Three-Phase Grouping

Phase 1: Exact Signature Match

The system normalizes operational summaries into signatures by replacing ephemeral tokens with placeholders:
Token TypeReplacementExample
Dates/timestamps<datetime>2026-03-15T14:30:00Z becomes <datetime>
UUIDs and hex strings<id>a8f2b3c4-... becomes <id>
Request/run IDs<id>run-abc123 becomes <id>
Numbers<num>42, 99.5% become <num>
Two items with identical signatures after normalization are exact duplicates. Example:
Original: "Gateway health: 3 agents, latency 45ms, 2026-03-15"
Signature: "gateway health <num> agent latency <num> ms <datetime>"

Original: "Gateway health: 5 agents, latency 30ms, 2026-03-16"
Signature: "gateway health <num> agent latency <num> ms <datetime>"

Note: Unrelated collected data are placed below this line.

(* Let $\mathbf{w}$ be an infinite overlap-free word over the alphabet $\{0,1\}$. Then there is a position $i$ such that no square (nonempty word of the form $xx$) occurs in $\mathbf{w}$ beginning at position $i$.
   Context: A finite word $w$ is an $\alpha$-power ($\alpha$ rational) if $w = x^n x'$ with $x'$ a prefix of $x$, $x$ nonempty, and $\alpha = n + |x'|/|x|$. A square is a $2$-power, i.e. a word $xx$ with $x$ nonempty. An overlap is a word that is a $\beta$-power for some $\beta > 2$. A (finite or infinite) word is overlap-free if none of its factors (contiguous subwords) is an overlap. *)

theory Defs
  imports Complex_Main "HOL-Library.Sublist"
begin

(* Infinite words over an alphabet 'a are functions nat \<Rightarrow> 'a; positions start at 0.
   The binary alphabet {0,1} is represented by bool. Finite words are lists. *)

definition factor :: "(nat \<Rightarrow> 'a) \<Rightarrow> nat \<Rightarrow> nat \<Rightarrow> 'a list" where
  "factor w i n = map w [i..<i+n]"

definition is_power :: "'a list \<Rightarrow> rat \<Rightarrow> bool" where
  "is_power u \<alpha> \<longleftrightarrow> (\<exists>x x' n. x \<noteq> [] \<and> prefix x' x \<and>
       u = concat (replicate n x) @ x' \<and>
       \<alpha> = of_nat n + of_nat (length x') / of_nat (length x))"

definition overlap :: "'a list \<Rightarrow> bool" where
  "overlap u \<longleftrightarrow> (\<exists>\<beta>. \<beta> > 2 \<and> is_power u \<beta>)"

definition overlap_free_inf :: "(nat \<Rightarrow> 'a) \<Rightarrow> bool" where
  "overlap_free_inf w \<longleftrightarrow> (\<forall>i n. \<not> overlap (factor w i n))"

definition square_at :: "(nat \<Rightarrow> 'a) \<Rightarrow> nat \<Rightarrow> bool" where
  "square_at w i \<longleftrightarrow> (\<exists>x. x \<noteq> [] \<and> factor w i (2 * length x) = x @ x)"

end

(* A doubled letter cc can recur in a binary overlap-free word only at even distance: an odd gap
   forces a cube, an overlap of period 3, or an alternating factor ababa. Hence after its first
   doubled letter the word is a product of blocks 01 and 10, i.e. the Thue-Morse image mu(a) of a
   word a, which is again overlap-free since mu doubles periods. Such an a contains cc c' c
   (c' the complement of c), and mu(cc c' c) = c c' c c' c' c c c'. The position of its second
   letter starts no square: periods 1 and 3 are ruled out by the letters there, a square of even
   period extends one letter to the left to an overlap, and one of odd period >= 5 would repeat a
   doubled letter at odd distance. *)

theory Submission
  imports Defs
begin

lemma factor_nth: "k < n \<Longrightarrow> factor w j n ! k = w (j + k)"
  by (simp add: factor_def del: upt_Suc)

lemma length_factor [simp]: "length (factor w j n) = n"
  by (simp add: factor_def)

lemma factor_add: "factor w j (m + n) = factor w j m @ factor w (j + m) n"
  unfolding factor_def using upt_add_eq_append[of j "j + m" n] by (simp add: add.assoc)

lemma factor_shift_eq:
  assumes "\<And>k. k < n \<Longrightarrow> w (j + k + q) = w (j + k)"
  shows "factor w (j + q) n = factor w j n"
proof (rule nth_equalityI)
  fix k
  assume "k < length (factor w (j + q) n)"
  then show "factor w (j + q) n ! k = factor w j n ! k"
    using assms[of k] by (simp add: factor_nth add.commute add.left_commute)
qed simp

text \<open>An overlap of the shortest kind: the factor \<open>x x c\<close> at position \<open>j\<close>, where
  \<open>|x| = q\<close> and \<open>c\<close> is the first letter of \<open>x\<close>.\<close>

definition overlap_at :: "(nat \<Rightarrow> 'a) \<Rightarrow> nat \<Rightarrow> nat \<Rightarrow> bool" where
  "overlap_at w j q \<longleftrightarrow> 0 < q \<and> (\<forall>k\<le>q. w (j + k + q) = w (j + k))"

definition overlap_free_seq :: "(nat \<Rightarrow> 'a) \<Rightarrow> bool" where
  "overlap_free_seq w \<longleftrightarrow> (\<forall>j q. \<not> overlap_at w j q)"

lemma overlap_at_imp_overlap:
  assumes "overlap_at w j q"
  shows "overlap (factor w j (2 * q + 1))"
proof -
  let ?x = "factor w j q"
  from assms have q: "0 < q" and per: "\<And>k. k \<le> q \<Longrightarrow> w (j + k + q) = w (j + k)"
    by (auto simp: overlap_at_def)
  have "factor w (j + q) q = ?x"
    by (rule factor_shift_eq) (simp add: per)
  moreover have "factor w (j + (q + q)) 1 = [w j]"
    using per[of 0] per[of q] by (simp add: factor_def add.assoc)
  moreover have "factor w j (2 * q + 1) = ?x @ factor w (j + q) q @ factor w (j + (q + q)) 1"
    using factor_add[of w j "q + q" 1] factor_add[of w j q q] by (simp add: mult_2)
  ultimately have "factor w j (2 * q + 1) = concat (replicate 2 ?x) @ [w j]"
    by (simp add: numeral_2_eq_2)
  moreover have "prefix [w j] ?x" and "?x \<noteq> []"
    using q by (simp_all add: factor_def upt_conv_Cons)
  ultimately have "is_power (factor w j (2 * q + 1)) (2 + 1 / of_nat q)"
    unfolding is_power_def by (intro exI[of _ ?x] exI[of _ "[w j]"] exI[of _ 2]) simp
  moreover have "(2 + 1 / of_nat q :: rat) > 2"
    using q by simp
  ultimately show ?thesis
    unfolding overlap_def by blast
qed

lemma overlap_free_inf_imp_overlap_free_seq:
  "overlap_free_inf w \<Longrightarrow> overlap_free_seq w"
  unfolding overlap_free_inf_def overlap_free_seq_def
  using overlap_at_imp_overlap by blast

lemma overlap_free_seq_shift:
  "overlap_free_seq w \<Longrightarrow> overlap_free_seq (\<lambda>k. w (p + k))"
  unfolding overlap_free_seq_def overlap_at_def by (metis add.assoc)

lemma overlap_free_seq_no_cube:
  assumes "overlap_free_seq w" and "w (j + 1) = w j"
  shows "w (j + 2) \<noteq> w (j + 1)"
proof
  assume "w (j + 2) = w (j + 1)"
  with assms(2) have "overlap_at w j 1"
    by (auto simp: overlap_at_def le_Suc_eq numeral_2_eq_2)
  with assms(1) show False
    by (simp add: overlap_free_seq_def)
qed

lemma binary_overlap_free_seq_doubled_letter:
  fixes w :: "nat \<Rightarrow> bool"
  assumes "overlap_free_seq w"
  obtains k where "k < 4" and "w (j + k + 1) = w (j + k)"
proof (rule ccontr)
  assume "\<not> thesis"
  with that have alt: "\<And>k. k < 4 \<Longrightarrow> w (j + k + 1) \<noteq> w (j + k)"
    by blast
  have "w (j + k + 2) = w (j + k)" if "k \<le> 2" for k
    using alt[of k] alt[of "k + 1"] that by (simp add: ac_simps)
  then have "overlap_at w j 2"
    by (simp add: overlap_at_def)
  with assms show False
    by (simp add: overlap_free_seq_def)
qed

lemma overlap_free_seq_desubstitute:
  fixes b :: "nat \<Rightarrow> bool"
  assumes ofs: "overlap_free_seq b" and blocks: "\<And>t. b (2 * t + 1) \<noteq> b (2 * t)"
  shows "overlap_free_seq (\<lambda>t. b (2 * t))"
  unfolding overlap_free_seq_def
proof (intro allI notI)
  fix j q
  assume "overlap_at (\<lambda>t. b (2 * t)) j q"
  then have q: "0 < q" and per: "\<And>r. r \<le> q \<Longrightarrow> b (2 * (j + r + q)) = b (2 * (j + r))"
    by (auto simp: overlap_at_def)
  have "b (2 * j + k + 2 * q) = b (2 * j + k)" if "k \<le> 2 * q" for k
  proof (cases "even k")
    case True
    then obtain r where "k = 2 * r" ..
    then show ?thesis
      using per[of r] that by (simp add: algebra_simps)
  next
    case False
    then obtain r where "k = 2 * r + 1"
      using oddE by blast
    then show ?thesis
      using per[of r] that blocks[of "j + r"] blocks[of "j + r + q"] by (simp add: algebra_simps)
  qed
  with q have "overlap_at b (2 * j) (2 * q)"
    by (simp add: overlap_at_def)
  with ofs show False
    by (simp add: overlap_free_seq_def)
qed

lemma binary_overlap_free_seq_doubled_letters_even_distance:
  fixes w :: "nat \<Rightarrow> bool"
  assumes ofs: "overlap_free_seq w"
  shows "1 \<le> m \<Longrightarrow> w (m + 1) = w m \<Longrightarrow> w (m + d + 1) = w (m + d) \<Longrightarrow> even d"
proof (induction d arbitrary: m rule: less_induct)
  case (less d)
  show ?case
  proof (cases "\<exists>k. 0 < k \<and> k < d \<and> w (m + k + 1) = w (m + k)")
    case True
    then obtain k where k: "0 < k" "k < d" "w (m + k + 1) = w (m + k)"
      by blast
    have "even k"
      using less.IH[of k m] k less.prems by simp
    moreover have "even (d - k)"
      using less.IH[of "d - k" "m + k"] k less.prems by simp
    ultimately show ?thesis
      using k by presburger
  next
    case False
    then have alt: "\<And>k. 0 < k \<Longrightarrow> k < d \<Longrightarrow> w (m + k + 1) \<noteq> w (m + k)"
      by blast
    have "d \<noteq> 1"
      using overlap_free_seq_no_cube[OF ofs less.prems(2)] less.prems(3)
      by (auto simp: numeral_2_eq_2)
    moreover have "d \<noteq> 3"
      \<comment> \<open>the word would read \<open>c' cc c' cc c'\<close> from \<open>m - 1\<close> on; here \<open>1 \<le> m\<close> is needed\<close>
    proof
      assume d: "d = 3"
      obtain j where m: "m = j + 1"
        using less.prems(1) by (metis add.commute le_add_diff_inverse)
      have "w (j + 1) \<noteq> w j"
        using overlap_free_seq_no_cube[OF ofs, of j] less.prems(2) m by auto
      moreover have "w (j + 6) \<noteq> w (j + 5)"
        using overlap_free_seq_no_cube[OF ofs, of "j + 4"] less.prems(3) d m by (simp add: ac_simps)
      moreover have "w (j + 3) \<noteq> w (j + 2)" and "w (j + 4) \<noteq> w (j + 3)"
        using alt[of 1] alt[of 2] d m by (simp_all add: numeral_eq_Suc)
      ultimately have "overlap_at w j 3"
        using less.prems(2,3) d m
        by (auto simp: overlap_at_def numeral_eq_Suc le_Suc_eq ac_simps)
      with ofs show False
        by (simp add: overlap_free_seq_def)
    qed
    moreover have "d < 5"
    proof (rule ccontr)
      assume "\<not> d < 5"
      moreover obtain k where "k < 4" "w (m + 1 + k + 1) = w (m + 1 + k)"
        using binary_overlap_free_seq_doubled_letter[OF ofs] .
      ultimately show False
        using alt[of "k + 1"] by (simp add: ac_simps)
    qed
    ultimately show ?thesis
      by presburger
  qed
qed

lemma binary_overlap_free_seq_pattern_0010:
  fixes a :: "nat \<Rightarrow> bool"
  assumes ofs: "overlap_free_seq a"
  obtains m where "a (m + 1) = a m" and "a (m + 3) = a m"
proof (rule ccontr)
  assume "\<not> thesis"
  with that have none: "\<And>n. a (n + 1) = a n \<Longrightarrow> a (n + 3) \<noteq> a n"
    by blast
  \<comment> \<open>then \<open>cc\<close> is always followed by \<open>c'c'\<close>, giving the overlap \<open>cc c'c' cc c'c' c\<close>\<close>
  have step: "a (n + 3) = a (n + 2) \<and> a (n + 2) \<noteq> a n" if "a (n + 1) = a n" for n
    using none[OF that] overlap_free_seq_no_cube[OF ofs that] that by auto
  obtain m where m: "a (m + 1) = a m"
    using binary_overlap_free_seq_doubled_letter[OF ofs, of 0] by auto
  have "overlap_at a m 4"
    using m step[of m] step[of "m + 2"] step[of "m + 4"] step[of "m + 6"]
    by (auto simp: overlap_at_def numeral_eq_Suc le_Suc_eq ac_simps)
  with ofs show False
    by (simp add: overlap_free_seq_def)
qed

lemma binary_overlap_free_seq_eventually_blocks:
  fixes w :: "nat \<Rightarrow> bool"
  assumes ofs: "overlap_free_seq w"
  obtains p where "\<And>t. w (p + 2 * t + 1) \<noteq> w (p + 2 * t)"
proof -
  obtain k where k: "w (1 + k + 1) = w (1 + k)"
    using binary_overlap_free_seq_doubled_letter[OF ofs] by blast
  have "w (1 + k + 1 + 2 * t + 1) \<noteq> w (1 + k + 1 + 2 * t)" for t
  proof
    assume "w (1 + k + 1 + 2 * t + 1) = w (1 + k + 1 + 2 * t)"
    then have "even (2 * t + 1)"
      using binary_overlap_free_seq_doubled_letters_even_distance[OF ofs _ k, of "2 * t + 1"]
      by (simp add: ac_simps)
    then show False
      by simp
  qed
  with that show thesis
    by blast
qed

lemma square_at_imp_period:
  assumes "square_at w i"
  obtains q where "0 < q" and "\<And>k. k < q \<Longrightarrow> w (i + k + q) = w (i + k)"
proof -
  obtain x where "x \<noteq> []" and x: "factor w i (2 * length x) = x @ x"
    using assms unfolding square_at_def by blast
  moreover have "w (i + k + length x) = w (i + k)" if "k < length x" for k
  proof -
    have "w (i + k) = x ! k"
      using factor_nth[of k "2 * length x" w i] that by (simp add: x nth_append)
    moreover have "w (i + (k + length x)) = x ! k"
      using factor_nth[of "k + length x" "2 * length x" w i] that by (simp add: x nth_append)
    ultimately show ?thesis
      by (simp add: add.assoc)
  qed
  ultimately show thesis
    using that by blast
qed

lemma binary_overlap_free_seq_not_square_at:
  fixes w :: "nat \<Rightarrow> bool"
  assumes ofs: "overlap_free_seq w"
    and blocks: "\<And>t. w (p + 2 * t + 1) \<noteq> w (p + 2 * t)"
    and i: "i = p + 2 * s + 1"
    and "w (i + 1) \<noteq> w i" and "w (i + 5) \<noteq> w (i + 2)"
  shows "\<not> square_at w i"
proof
  assume "square_at w i"
  then obtain q where q: "0 < q" and per: "\<And>k. k < q \<Longrightarrow> w (i + k + q) = w (i + k)"
    using square_at_imp_period by blast
  have "q = 1 \<or> q = 3 \<or> even q \<or> odd q \<and> 5 \<le> q"
    using q by presburger
  then consider "q = 1" | "q = 3" | "even q" | "odd q" "5 \<le> q"
    by blast
  then show False
  proof cases
    case 1
    then show False
      using per[of 0] assms(4) by simp
  next
    case 2
    then show False
      using per[of 2] assms(5) by (simp add: add.commute)
  next
    case 3
    \<comment> \<open>the square extends one letter to the left, because \<open>i - 1\<close> and \<open>i - 1 + q\<close> both start blocks\<close>
    then obtain r where r: "q = 2 * r" ..
    have "w (p + 2 * s + k + q) = w (p + 2 * s + k)" if "k \<le> q" for k
    proof (cases k)
      case 0
      then show ?thesis
        using per[of 0] q blocks[of s] blocks[of "s + r"] i r by (auto simp: ac_simps)
    next
      case (Suc k')
      then show ?thesis
        using per[of k'] that i by (simp add: ac_simps)
    qed
    with q have "overlap_at w (p + 2 * s) q"
      by (simp add: overlap_at_def)
    with ofs show False
      by (simp add: overlap_free_seq_def)
  next
    case 4
    \<comment> \<open>a doubled letter inside the first half recurs at the odd distance \<open>q\<close>\<close>
    obtain k where k: "k < 4" "w (i + k + 1) = w (i + k)"
      using binary_overlap_free_seq_doubled_letter[OF ofs] .
    have "w (i + k + q + 1) = w (i + k + q)"
      using per[of k] per[of "k + 1"] k 4 by (simp add: ac_simps)
    then have "even q"
      using binary_overlap_free_seq_doubled_letters_even_distance[OF ofs _ k(2)] i by simp
    with 4 show False
      by simp
  qed
qed

theorem theorem1:
  fixes w :: "nat \<Rightarrow> bool"
  assumes "overlap_free_inf w"
  shows "\<exists>i. \<not> square_at w i"
proof -
  have ofs: "overlap_free_seq w"
    using assms by (rule overlap_free_inf_imp_overlap_free_seq)
  then obtain p where blocks: "\<And>t. w (p + 2 * t + 1) \<noteq> w (p + 2 * t)"
    using binary_overlap_free_seq_eventually_blocks by blast
  let ?a = "\<lambda>t. w (p + 2 * t)"
  have "overlap_free_seq ?a"
    using overlap_free_seq_desubstitute[OF overlap_free_seq_shift[OF ofs, of p]] blocks
    by (simp add: add.assoc)
  then obtain s where s: "?a (s + 1) = ?a s" "?a (s + 3) = ?a s"
    using binary_overlap_free_seq_pattern_0010 by blast
  \<comment> \<open>\<open>i\<close> is the second letter of the image \<open>c c' c c' c' c c c'\<close> of \<open>cc c' c\<close>\<close>
  define i where "i = p + 2 * s + 1"
  have "w (i + 1) \<noteq> w i" and "w (i + 5) \<noteq> w (i + 2)"
    using s blocks[of s] blocks[of "s + 1"] unfolding i_def by (simp_all add: algebra_simps)
  with ofs blocks i_def have "\<not> square_at w i"
    by (rule binary_overlap_free_seq_not_square_at)
  then show ?thesis
    by blast
qed

end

→ Same signature → exact duplicate group

Phase 2: Token Key Match

Items not caught by exact matching are further grouped using semantic token keys. The system:
  1. Generates the normalized signature
  2. Strips stopwords (the, is, are, was, this, that, etc.)
  3. Strips placeholder tokens (<id>, <num>, <datetime>)
  4. Applies basic stemming (plural stripping: services becomes service)
  5. Sorts remaining tokens alphabetically
  6. Joins as a token key
Items with identical token keys (and at least 3 semantic tokens) are token duplicates.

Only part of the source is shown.